AgentLens finds 10.7% of passing SWE agents are 'Lucky Passes'
New framework reveals many SWE agents succeed by luck, not skill.
A new paper from researchers including Priyam Sahoo introduces AgentLens, a framework that exposes a critical flaw in how we evaluate software engineering (SWE) agents: the 'Lucky Pass' problem. Current evaluation relies solely on whether a patch passes tests, treating a chaotic trial-and-error process the same as a principled solution. The team analyzed 2,614 trajectories from OpenHands across eight model backends on 60 SWE-bench Verified tasks. Among 1,815 passing trajectories, 10.7% exhibited Lucky Pass behavior—characterized by regression cycles, blind retries, missing verification, or temporally disordered exploration and implementation. The framework uses Prefix Tree Acceptor references and a context-sensitive intent labeler to classify actions into Exploration, Implementation, Verification, or Orchestration.
Across the eight models, Lucky Pass rates ranged dramatically from 0.5% to 23.2%, and ranking models by quality score instead of pass rate shifted positions by up to five ranks. This suggests that popular leaderboards may overrate agents that hack solutions rather than build them reliably. AgentLens introduces three quality tiers—Lucky, Solid, and Ideal—and further decomposes Lucky Passes into five recurring failure mechanisms. The team has released AgentLens-Bench, a dataset of 1,815 annotated trajectories, along with an SDK for process-level evaluation. For organizations deploying AI coding agents, this work underscores that pass rate is an incomplete metric; process quality is essential for trust and reliability.
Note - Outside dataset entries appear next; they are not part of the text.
(* Assume $q>2$. In $K_\infty$: $$\zeta_C^\star(q-1,1)=\zeta_C(q-1,1)+\zeta_C(1)^q=\zeta_C(1)\zeta_C(q-1)-\zeta_C(1,q-1)=\zeta_C(1)\left(\zeta_C(q-1)-\frac{\zeta_C(1)^{q-1}}{\theta-\theta^q}\right),$$ and this value equals $\sum_{d\ge0}\Big(\sum_{a\in A^+(d)}a^{-q}C_a\Big)(1)$.
   Context: $A=\mathbb{F}_q[\theta]$, $A^+(d)$ monic polynomials of degree $d$, $K_\infty=\mathbb{F}_q((1/\theta))$. $\zeta_C(n)=\sum_{a\in A^+}a^{-n}$; $\zeta_C(n_1,n_2)=\sum_{\deg a_1>\deg a_2}a_1^{-n_1}a_2^{-n_2}$ ($a_i\in A^+$); $\zeta_C^\star(n_1,n_2)=\sum_{\deg a_1\ge\deg a_2}a_1^{-n_1}a_2^{-n_2}$. $K\{\tau\}$ is the skew polynomial ring over $K=\mathbb{F}_q(\theta)$ with $\tau c=c^q\tau$; $C_a$ is the Carlitz module ($\mathbb{F}_q$-algebra homomorphism $A\to K\{\tau\}$ with $C_\theta=\theta+\tau$); for $f=\sum_if_i\tau^i\in K\{\tau\}$, $f(1)=\sum_if_i$. *)

theory Defs
  imports "HOL-Computational_Algebra.Polynomial" "HOL-Computational_Algebra.Formal_Laurent_Series"
begin

text \<open>Base field F_q: a finite field type 'a, q = CARD('a).
  A = F_q[theta] is 'a poly.  K_infinity = F_q((1/theta)) is 'a fls, the formal Laurent
  series in the variable X = 1/theta; the library metric on 'a fls is the (1/theta)-adic one,
  i.e. the topology of K_infinity.  theta itself is X^(-1).\<close>

definition theta :: "'a::field fls" where
  "theta = fls_X_inv"

definition A_to_Kinf :: "'a::field poly \<Rightarrow> 'a fls" where
  "A_to_Kinf p = (\<Sum>i\<le>degree p. fls_const (coeff p i) * theta ^ i)"

definition monic_deg :: "nat \<Rightarrow> 'a::field poly set" where
  "monic_deg d = {a. degree a = d \<and> lead_coeff a = 1}"

definition pow_sum :: "nat \<Rightarrow> nat \<Rightarrow> 'a::{finite,field} fls" where
  "pow_sum n d = (\<Sum>a\<in>monic_deg d. inverse (A_to_Kinf a) ^ n)"

definition zetaC :: "nat \<Rightarrow> 'a::{finite,field} fls" where
  "zetaC n = (\<Sum>d. pow_sum n d)"

definition zetaC2 :: "nat \<Rightarrow> nat \<Rightarrow> 'a::{finite,field} fls" where
  "zetaC2 n1 n2 = (\<Sum>d. pow_sum n1 d * (\<Sum>e<d. pow_sum n2 e))"

definition zetaC2_star :: "nat \<Rightarrow> nat \<Rightarrow> 'a::{finite,field} fls" where
  "zetaC2_star n1 n2 = (\<Sum>d. pow_sum n1 d * (\<Sum>e\<le>d. pow_sum n2 e))"

text \<open>Skew polynomials sum_i f_i tau^i with coefficients in K (taken inside K_infinity),
  represented by their coefficient sequence nat => 'a fls (finite support).
  Multiplication uses tau c = c^q tau.\<close>
type_synonym 'a skew = "nat \<Rightarrow> 'a fls"

definition skew_mult :: "nat \<Rightarrow> 'a::field skew \<Rightarrow> 'a skew \<Rightarrow> 'a skew" where
  "skew_mult q f g = (\<lambda>k. \<Sum>i\<le>k. f i * (g (k - i)) ^ (q ^ i))"

definition skew_one :: "'a::field skew" where
  "skew_one = (\<lambda>i. if i = 0 then 1 else 0)"

definition skew_scal :: "'a::field fls \<Rightarrow> 'a skew \<Rightarrow> 'a skew" where
  "skew_scal c f = (\<lambda>i. c * f i)"

definition skew_eval :: "'a::field skew \<Rightarrow> 'a fls" where
  "skew_eval f = (\<Sum>i | f i \<noteq> 0. f i)"

definition carlitz_theta :: "'a::field skew" where
  "carlitz_theta = (\<lambda>i. if i = 0 then theta else if i = 1 then 1 else 0)"

definition carlitz :: "'a::{finite,field} poly \<Rightarrow> 'a skew" where
  "carlitz a = (\<lambda>k. \<Sum>i\<le>degree a. fls_const (coeff a i) *
                  ((skew_mult (card (UNIV :: 'a set)) carlitz_theta ^^ i) skew_one) k)"

definition skew_sum :: "('b \<Rightarrow> 'a::field skew) \<Rightarrow> 'b set \<Rightarrow> 'a skew" where
  "skew_sum F S = (\<lambda>k. \<Sum>x\<in>S. F x k)"

end

theory Submission
  imports Defs "HOL-Library.Cardinality"
begin

text \<open>
  Write \<open>S\<^sub>d(n) = \<Sum>a\<in>A\<^sup>+(d). a\<^sup>-\<^sup>n\<close>. Summing over the coefficients of \<open>a\<close> one at a time, with
  \<open>\<Sum>c\<in>\<bbbF>\<^sub>q. 1/(t + c) = -1/(t\<^sup>q - t)\<close> and Carlitz's \<open>\<bbbF>\<^sub>q\<close>-linear polynomials \<open>e\<^sub>d\<close>, gives
  \<open>S\<^sub>d(q - 1) = S\<^sub>d(1)\<^sup>q\<^sup>-\<^sup>1\<close> and \<open>S\<^sub>d\<^sub>+\<^sub>1(1) = -S\<^sub>d(1)/[d+1]\<close>. Hence \<open>S\<^sub>d(q - 1) S\<^sub>d(1) = S\<^sub>d(q)\<close>, so the
  diagonal terms in \<open>\<zeta>\<^sup>\<star>(q - 1, 1)\<close> and in the product \<open>\<zeta>(1) \<zeta>(q - 1)\<close> add up to \<open>\<zeta>(q) = \<zeta>(1)\<^sup>q\<close>;
  and \<open>\<Sum>\<^sub>e\<^sub>\<le>\<^sub>d S\<^sub>e(q - 1) = S\<^sub>d(q - 1) [d+1]/[1]\<close> telescopes \<open>\<zeta>(1, q - 1)\<close> into \<open>\<zeta>(1)\<^sup>q/(\<theta> - \<theta>\<^sup>q)\<close>.
  For the last identity, \<open>C\<^sub>a(1) = \<Sum>\<^sub>j e\<^sub>j(a)/D\<^sub>j\<close>, and \<open>\<Sum>\<^sub>a a\<^sup>-\<^sup>q e\<^sub>j(a)\<close> only sees the linear
  coefficient of \<open>e\<^sub>j\<close> because \<open>\<Sum>\<^sub>a a\<^sup>q\<^sup>^\<^sup>k\<^sup>-\<^sup>1 = 0\<close> for \<open>k < d\<close>; this makes the \<open>d\<close>-th term of the Carlitz
  series equal to \<open>S\<^sub>d(q - 1) \<Sum>\<^sub>e\<^sub>\<le>\<^sub>d S\<^sub>e(1)\<close>. All series converge \<open>1/\<theta>\<close>-adically since
  \<open>S\<^sub>d(n)\<close> has valuation \<open>\<ge> d\<close>.
\<close>

section \<open>Finite fields and the Frobenius map\<close>

lemma CARD_field_ge_2: "2 \<le> CARD('a::{finite,field})"
proof -
  have "card {0::'a, 1} \<le> CARD('a)"
    by (intro card_mono) auto
  thus ?thesis by simp
qed

lemma power_CARD_eq_self: "(c::'a::{finite,field}) ^ CARD('a) = c"
proof (cases "c = 0")
  case True
  thus ?thesis using CARD_field_ge_2[where 'a='a] by simp
next
  case False
  define U where "U = UNIV - {0::'a}"
  have "(\<Prod>x\<in>U. c * x) = (\<Prod>x\<in>U. x)"
    by (rule prod.reindex_bij_witness[of _ "\<lambda>x. x / c" "\<lambda>x. c * x"]) (use False in \<open>auto simp: U_def\<close>)
  moreover have "(\<Prod>x\<in>U. x) \<noteq> 0"
    by (simp add: U_def)
  ultimately have "c ^ (CARD('a) - 1) = 1"
    by (simp add: prod.distrib U_def card_Diff_singleton)
  moreover have "c ^ (CARD('a) - 1) * c = c ^ CARD('a)"
    using CARD_field_ge_2[where 'a='a] by (intro power_minus_mult) simp
  ultimately show ?thesis
    by simp
qed

lemma power_CARD_power_eq_self: "(c::'a::{finite,field}) ^ (CARD('a) ^ k) = c"
  by (induction k) (simp_all add: power_mult power_CARD_eq_self mult.commute[of "CARD('a)"])

lemma of_nat_CARD_choose_eq_0:
  assumes "0 < k" "k < CARD('a::{finite,field})"
  shows "(of_nat (CARD('a) choose k) :: 'a) = 0"
proof -
  define n where "n = CARD('a)"
  have n2: "n \<ge> 2"
    unfolding n_def by (rule CARD_field_ge_2)
  have "[:1, 1:] ^ n = [:0, 1:] ^ n + (1 :: 'a poly)"
  proof (rule poly_eqI_degree_lead_coeff[where n = n and A = UNIV])
    show "coeff ([:1, 1:] ^ n) n = coeff ([:0, 1:] ^ n + (1 :: 'a poly)) n"
      using n2 by (simp add: coeff_linear_poly_power)
    show "degree ([:1::'a, 1:] ^ n) \<le> n"
      by (rule order.trans[OF degree_power_le]) simp
    show "degree ([:0::'a, 1:] ^ n + 1) \<le> n"
      by (intro degree_add_le order.trans[OF degree_power_le]) auto
    show "poly ([:1, 1:] ^ n) z = poly ([:0, 1:] ^ n + 1) z" for z :: 'a
      by (simp add: poly_power n_def power_CARD_eq_self add.commute)
  qed (simp add: n_def)
  hence "coeff ([:1, 1:] ^ n) k = coeff ([:0, 1:] ^ n + (1 :: 'a poly)) k"
    by simp
  moreover have "(0::'a) ^ (CARD('a) - k) = 0"
    using assms by simp
  ultimately show ?thesis
    using assms by (simp add: n_def coeff_linear_poly_power coeff_1)
qed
- 10.7% of passing SWE-agent trajectories are 'Lucky Passes' achieved through trial-and-error rather than principled reasoning
- Lucky rates vary from 0.5% to 23.2% across eight model backends, causing rank shifts of up to five positions when using quality scores
- AgentLens-Bench dataset includes 1,815 annotated trajectories with quality tiers (Lucky, Solid, Ideal) and five recurring Lucky Pass mechanisms
Why It Matters
Pass rates alone mislead; process quality is crucial for reliable AI coding agents.